My First Serodiscordant Relationship a Year Later
Here is what I have learned after a year of being in a serodiscordant relationship…
- I have found the most amazing partner and I love him more and more with each passing day.
- HIV can not be a factor that stops you from searching for and finding love.
- There are going to be challenges, but there are those with any type of relationship.
- People are more understanding, you just have to give them a chance.
- You can keep your partner safe through education.
I will admit, when I first started dating my partner who is HIV negative, I was scared to death. You may remember my post “My First Serodiscordant Relationship” and how I took my partner to see my Infectious Disease Doctor and all that. Here here is what has happened since…
We decided to get a place together in July of 2016. It was a huge adjustment for me especially because I was so used to doing things on my own and having “my” space. We now share an apartment with his brother. My partner and I have together adopted our “daughter” Lulu. Lulu is a three year old Chiwennie who demands on sleeping between us snuggled up under the covers each night.
Still in the back of my mind was the fear of infecting him with HIV if we were to slip up or if something were to happen. It is still something I think about on a regular basis but with the news this year that “undetectable equals uninfectious” has eased some of that burden on my mind. While I know scientific facts back it up, it still has not erased all of the fear from my mind. We have both become better educated and still know that regular testing is the only way of knowing 100%.
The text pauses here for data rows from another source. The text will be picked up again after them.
lemma pseudovariety_sg_models:
  fixes \<Sigma> :: "('v sg_term \<times> 'v sg_term) set"
  shows "pseudovariety (sg_models \<Sigma>)"
  unfolding pseudovariety_def
proof (intro conjI ballI allI impI)
  show "sg_models \<Sigma> \<subseteq> {S. fsg S}"
    by (auto simp: sg_models_def)
  have "sg_eval ({0::nat}, \<lambda>_ _. 0) \<rho> t = 0" if "range \<rho> \<subseteq> {0}" for \<rho> and t :: "'v sg_term"
    using that by (induction t) auto
  then have "({0}, \<lambda>_ _. 0) \<in> sg_models \<Sigma>"
    unfolding sg_models_def fsg_def by auto
  then show "sg_models \<Sigma> \<noteq> {}"
    by blast
next
  fix S T assume S: "S \<in> sg_models \<Sigma>" and T: "T \<in> sg_models \<Sigma>"
  have "sg_eval (sg_prod S T) \<rho> s = sg_eval (sg_prod S T) \<rho> t"
    if "(s, t) \<in> \<Sigma>" "range \<rho> \<subseteq> fst (sg_prod S T)" for s t \<rho>
  proof -
    have "range (fst \<circ> prod_decode \<circ> \<rho>) \<subseteq> fst S" "range (snd \<circ> prod_decode \<circ> \<rho>) \<subseteq> fst T"
      using that(2) unfolding fst_sg_prod by auto
    then show ?thesis
      using that(1) S T unfolding sg_models_def sg_eval_sg_prod by fastforce
  qed
  then show "sg_prod S T \<in> sg_models \<Sigma>"
    using S T fsg_sg_prod unfolding sg_models_def by blast
next
  fix S T assume S: "S \<in> sg_models \<Sigma>" and T: "subsg T S"
  have "sg_eval T \<rho> s = sg_eval T \<rho> t" if "(s, t) \<in> \<Sigma>" "range \<rho> \<subseteq> fst T" for s t \<rho>
  proof -
    have "range \<rho> \<subseteq> fst S"
      using that(2) T unfolding subsg_def by blast
    then have "sg_eval S \<rho> s = sg_eval S \<rho> t"
      using S that(1) unfolding sg_models_def by blast
    then show ?thesis
      using sg_eval_subsg[OF T that(2)] by simp
  qed
  then show "T \<in> sg_models \<Sigma>"
    using T unfolding sg_models_def subsg_def by blast
next
  fix S T assume S: "S \<in> sg_models \<Sigma>" and T: "hom_image T S"
  obtain h where onto: "h ` fst S = fst T"
    and hom: "\<forall>a\<in>fst S. \<forall>b\<in>fst S. h (snd S a b) = snd T (h a) (h b)"
    using T unfolding hom_image_def by blast
  have "sg_eval T \<rho> s = sg_eval T \<rho> t" if "(s, t) \<in> \<Sigma>" "range \<rho> \<subseteq> fst T" for s t \<rho>
  proof -
    define \<rho>' where "\<rho>' = inv_into (fst S) h \<circ> \<rho>"
    have \<rho>': "range \<rho>' \<subseteq> fst S" "h \<circ> \<rho>' = \<rho>"
      using that(2) onto unfolding \<rho>'_def
      by (auto simp: inv_into_into fun_eq_iff) (metis f_inv_into_f rangeI subsetD)
    have "sg_eval S \<rho>' s = sg_eval S \<rho>' t"
      using S that(1) \<rho>'(1) unfolding sg_models_def by blast
    then show ?thesis
      using sg_eval_hom[OF _ \<rho>'(1) hom] S \<rho>'(2) unfolding sg_models_def by (metis (mono_tags) mem_Collect_eq)
  qed
  moreover have "fsg T"
    using T unfolding hom_image_def by blast
  ultimately show "T \<in> sg_models \<Sigma>"
    unfolding sg_models_def by blast
qed
lemma norm_rb_iterate_step_le: "t \<in> J \<Longrightarrow> norm (rb_iterate (Suc n) t - rb_iterate n t) \<le> A ^ n * radius"
proof (induction n arbitrary: t)
  case 0
  then show ?case using rb_iterate_invariants[of 1] by (simp add: rb_iterate_def near_b_def)
next
  case (Suc n)
  define k where "k = piece_index t"
  define s where "s = P_inv N x k t"
  have k: "k \<in> T" "t \<in> {x k .. x (Suc k)}" using piece_index[OF Suc.prems] by (auto simp: k_def)
  have s: "s \<in> J" using P_inv_in_J[OF k] by (simp add: s_def)
  have "rb_iterate (Suc (Suc n)) t - rb_iterate (Suc n) t = \<alpha> k s * (rb_iterate (Suc n) s - rb_iterate n s)"
    by (simp add: rb_iterate_def rb_operator_def rb_branch_def k_def s_def algebra_simps)
  also have "norm \<dots> \<le> A * (A ^ n * radius)"
    unfolding norm_mult using alpha_bound(1) alpha_bound(3)[OF k(1) s] Suc.IH[OF s]
    by (intro mult_mono) auto
  finally show ?case by simp
qed

definition fractal_limit :: "real \<Rightarrow> complex" where
  "fractal_limit t = (if t \<in> J then lim (\<lambda>n. rb_iterate n t) else 0)"

lemma rb_iterate_tendsto:
  assumes "t \<in> J"
  shows "(\<lambda>n. rb_iterate n t) \<longlonglongrightarrow> fractal_limit t"
proof -
  have "convergent (\<lambda>n. rb_iterate n t)"
    using norm_rb_iterate_step_le[OF assms] alpha_bound(1,2) by (rule geometric_steps_imp_convergent)
  then show ?thesis using assms by (simp add: fractal_limit_def convergent_LIMSEQ_iff)
qed

lemma holder_with_fractal_limit: "holder_with holder_const fractal_limit"
  unfolding holder_with_def
proof (intro ballI)
  fix t1 t2 assume t: "t1 \<in> J" "t2 \<in> J"
  have "(\<lambda>n. norm (rb_iterate n t1 - rb_iterate n t2)) \<longlonglongrightarrow> norm (fractal_limit t1 - fractal_limit t2)"
    by (intro tendsto_norm tendsto_diff rb_iterate_tendsto t)
  moreover have "\<forall>n. norm (rb_iterate n t1 - rb_iterate n t2) \<le> holder_const * \<bar>t1 - t2\<bar> powr \<sigma>"
    using rb_iterate_invariants t unfolding holder_with_def by blast
  ultimately show "norm (fractal_limit t1 - fractal_limit t2) \<le> holder_const * \<bar>t1 - t2\<bar> powr \<sigma>"
    by (intro LIMSEQ_le_const2) auto
qed

lemma continuous_on_fractal_limit: "continuous_on J fractal_limit"
  using holder_with_fractal_limit sigma_pos
  by (intro holder_on_imp_continuous_on) (auto simp: holder_with_def holder_on_def)

lemma fractal_eq_fractal_limit: "fractal_eq N x \<alpha> f b fractal_limit"
  unfolding fractal_eq_def
proof (intro ballI)
  fix k t assume k: "k \<in> T" and t: "t \<in> {x k .. x (Suc k)}"
  have "(\<lambda>n. rb_iterate (Suc n) t) \<longlonglongrightarrow> fractal_limit t"
    using rb_iterate_tendsto piece_subset_J k t by (intro LIMSEQ_Suc) blast
  moreover have "rb_iterate (Suc n) t = rb_branch (rb_iterate n) k t" for n
    using rb_operator_eq[OF _ k t] rb_iterate_invariants[of n] by (simp add: rb_iterate_def)
  moreover have "(\<lambda>n. rb_branch (rb_iterate n) k t) \<longlonglongrightarrow> rb_branch fractal_limit k t"
    unfolding rb_branch_def by (intro tendsto_intros rb_iterate_tendsto P_inv_in_J k t)
  ultimately have "fractal_limit t = rb_branch fractal_limit k t" using LIMSEQ_unique by fastforce
  then show "fractal_limit t = f t + \<alpha> k (P_inv N x k t) * (fractal_limit (P_inv N x k t) - b (P_inv N x k t))"
    by (simp add: rb_branch_def)
qed

lemma fractal_eq_unique:
  assumes h1: "continuous_on J h1" "fractal_eq N x \<alpha> f b h1"
    and h2: "continuous_on J h2" "fractal_eq N x \<alpha> f b h2"
    and t: "t \<in> J"
  shows "h1 t = h2 t"
proof -
  define M where "M = sup_norm_on J (\<lambda>t. h1 t - h2 t)"
  have le_M: "norm (h1 t - h2 t) \<le> M" if "t \<in> J" for t
    unfolding M_def using h1(1) h2(1) compact_J that by (intro norm_le_sup_norm_on continuous_on_diff)
  have "norm (h1 u - h2 u) \<le> A * M" if u: "u \<in> J" for u
  proof -
    obtain k where k: "k \<in> T" "u \<in> {x k .. x (Suc k)}" using pieces_cover_J[OF u] by blast
    define s where "s = P_inv N x k u"
    have s: "s \<in> J" using P_inv_in_J[OF k] by (simp add: s_def)
    have "h1 u = f u + \<alpha> k s * (h1 s - b s)" "h2 u = f u + \<alpha> k s * (h2 s - b s)"
      using h1(2) h2(2) k unfolding fractal_eq_def s_def by blast+
    then have "h1 u - h2 u = (f u + \<alpha> k s * (h1 s - b s)) - (f u + \<alpha> k s * (h2 s - b s))"
      by simp
    also have "\<dots> = \<alpha> k s * (h1 s - h2 s)" by (simp add: algebra_simps)
    also have "norm \<dots> \<le> A * M"
      unfolding norm_mult using alpha_bound(1) alpha_bound(3)[OF k(1) s] le_M[OF s]
      by (intro mult_mono) auto
    finally show ?thesis .
  qed
  then have "M \<le> A * M"
    unfolding M_def sup_norm_on_def using endpoints_in_J by (intro cSUP_least) (auto simp: M_def)
  then have "M \<le> 0" using alpha_bound(2) by (simp add: mult_le_cancel_right1)
  then have "norm (h1 t - h2 t) \<le> 0" using le_M[OF t] by linarith
  then show ?thesis by simp
qed

lemma fractal_function_eq_fractal_limit: "fractal_function N x \<alpha> f b = fractal_limit"
  unfolding fractal_function_def
proof (rule the_equality)
  show "continuous_on J fractal_limit \<and> fractal_eq N x \<alpha> f b fractal_limit \<and>
      (\<forall>t. t \<notin> J \<longrightarrow> fractal_limit t = 0)"
    using continuous_on_fractal_limit fractal_eq_fractal_limit by (simp add: fractal_limit_def)
next
  fix h assume h: "continuous_on J h \<and> fractal_eq N x \<alpha> f b h \<and> (\<forall>t. t \<notin> J \<longrightarrow> h t = 0)"
  show "h = fractal_limit"
  proof
    fix t show "h t = fractal_limit t"
      using fractal_eq_unique[of h fractal_limit t] h continuous_on_fractal_limit fractal_eq_fractal_limit
      by (cases "t \<in> J") (auto simp: fractal_limit_def)
  qed
qed

lemma holder_on_fractal_function: "holder_on \<sigma> J (fractal_function N x \<alpha> f b)"
  using holder_with_fractal_limit
  unfolding fractal_function_eq_fractal_limit holder_with_def holder_on_def by blast

end

theorem mainTheorem7:
  fixes \<sigma> :: real and N :: nat and x :: "nat \<Rightarrow> real"
    and f b :: "real \<Rightarrow> complex" and \<alpha> :: "nat \<Rightarrow> real \<Rightarrow> complex"
  assumes sigma: "0 < \<sigma>" "\<sigma> \<le> 1"
    and N: "N \<ge> 2"
    and incr: "\<And>i j. 1 \<le> i \<Longrightarrow> i < j \<Longrightarrow> j \<le> N \<Longrightarrow> x i < x j"
    and f_holder: "holder_on \<sigma> (Jint N x) f"
    and b_holder: "holder_on \<sigma> (Jint N x) b"
    and alpha_holder: "\<And>k. k \<in> Tset N \<Longrightarrow> holder_on \<sigma> (Jint N x) (\<alpha> k)"
    and b_left: "b (x 1) = f (x 1)"
    and b_right: "b (x N) = f (x N)"
    and b_ne_f: "\<exists>t\<in>Jint N x. b t \<noteq> f t"
    and alpha_lt1: "\<And>k. k \<in> Tset N \<Longrightarrow> sup_norm_on (Jint N x) (\<alpha> k) < 1"
    and contr: "alpha_holder_norm \<sigma> N x \<alpha> / (Min (a_coef N x ` Tset N)) powr \<sigma> < 1"
  shows "holder_on \<sigma> (Jint N x) (fractal_function N x \<alpha> f b)"
proof -
  interpret ordered_nodes N x using N incr by unfold_locales
  obtain Cf where Cf: "0 \<le> Cf" "\<forall>t1\<in>J. \<forall>t2\<in>J. norm (f t1 - f t2) \<le> Cf * \<bar>t1 - t2\<bar> powr \<sigma>"
    using holder_on_nonneg_constant[OF f_holder] .
  obtain Cb where Cb: "0 \<le> Cb" "\<forall>t1\<in>J. \<forall>t2\<in>J. norm (b t1 - b t2) \<le> Cb * \<bar>t1 - t2\<bar> powr \<sigma>"
    using holder_on_nonneg_constant[OF b_holder] .
  obtain C\<alpha> where C\<alpha>: "0 \<le> C\<alpha>"
    "\<forall>k\<in>T. \<forall>t1\<in>J. \<forall>t2\<in>J. norm (\<alpha> k t1 - \<alpha> k t2) \<le> C\<alpha> * \<bar>t1 - t2\<bar> powr \<sigma>"
    using holder_on_uniform_constant[OF finite_T alpha_holder] .
  define A where "A = alpha_sup_norm N x \<alpha>"
  define c where "c = Min (a_coef N x ` T)"
  have A_bound: "norm (\<alpha> k t) \<le> A" if "k \<in> T" "t \<in> J" for k t
    unfolding A_def using that alpha_holder sigma(1)
    by (intro norm_le_alpha_sup_norm holder_on_imp_continuous_on) auto
  have "holder_on \<sigma> J (\<alpha> 1)" using alpha_holder first_and_last_in_T(1) by blast
  then have "A \<le> alpha_holder_norm \<sigma> N x \<alpha>"
    unfolding A_def by (rule alpha_sup_norm_le_alpha_holder_norm[OF first_and_last_in_T(1)])
  then have "A / c powr \<sigma> \<le> alpha_holder_norm \<sigma> N x \<alpha> / c powr \<sigma>"
    by (intro divide_right_mono powr_ge_zero)
  then have contraction: "A / c powr \<sigma> < 1" using contr unfolding c_def by linarith
  have "0 \<le> A" using A_bound[OF first_and_last_in_T(1) endpoints_in_J(1)] by (rule order_trans[OF norm_ge_zero])
  moreover have "A < 1" unfolding A_def using alpha_lt1 by (rule alpha_sup_norm_lt_1)
  moreover have "0 < c" "\<And>k. k \<in> T \<Longrightarrow> c \<le> a_coef N x k"
    using Min_a_coef_pos Min_a_coef_le by (simp_all add: c_def)
  ultimately interpret fractal_setting N x \<sigma> f b \<alpha> A c Cf Cb C\<alpha>
    using sigma(1) Cf Cb C\<alpha> A_bound contraction b_left b_right by unfold_locales auto
  show ?thesis by (rule holder_on_fractal_function)
qed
He has taught me thought that I am able to still love myself after HIV and that I am worthy of love from others. On February 8th of this year we celebrated our one year anniversary since we made it “official”. A lot has changed in this past year and I am thankful everyday that I have him by my side.
A big challenge for me after we started dating was how to introduce him to my parents and the rest of my family. I had never brought a guy home before and this worried me to death because I was raised in a typical southern household. His parents were more than accepting and actually love me (at least I think so). Well bringing him home, I introduced him to my mom first and she was a little taken back but soon warmed up. My father was a different story. I started bringing him over more and more and finally I guess my dad put two and two together lol. It was still kind of awkward but my family has warmed up and now thinks of him as part of the family. Last to know was my Nana who has supported me since I told her my HIV status but I was still scared to death to tell her. I finally called her one night after we had been living together and told her. She point blank said “I may not understand it, but if you are happy, than I am happy”. That was all it took. We split the holidays up between our two families and I will say mine has made a point of wanting to include him.
While a year long relationship may not seem that important to many but for me this is a huge milestone being that I never thought I would actually find someone who could love me and see beyond my HIV status. I can truly say that I am blessed beyond belief and happier than I have been in a very long time.
Thank you my love for all that you do and being the most amazing man I’ve ever met. I am blessed that I have you in my life and I can not wait to see what the future has in store for us.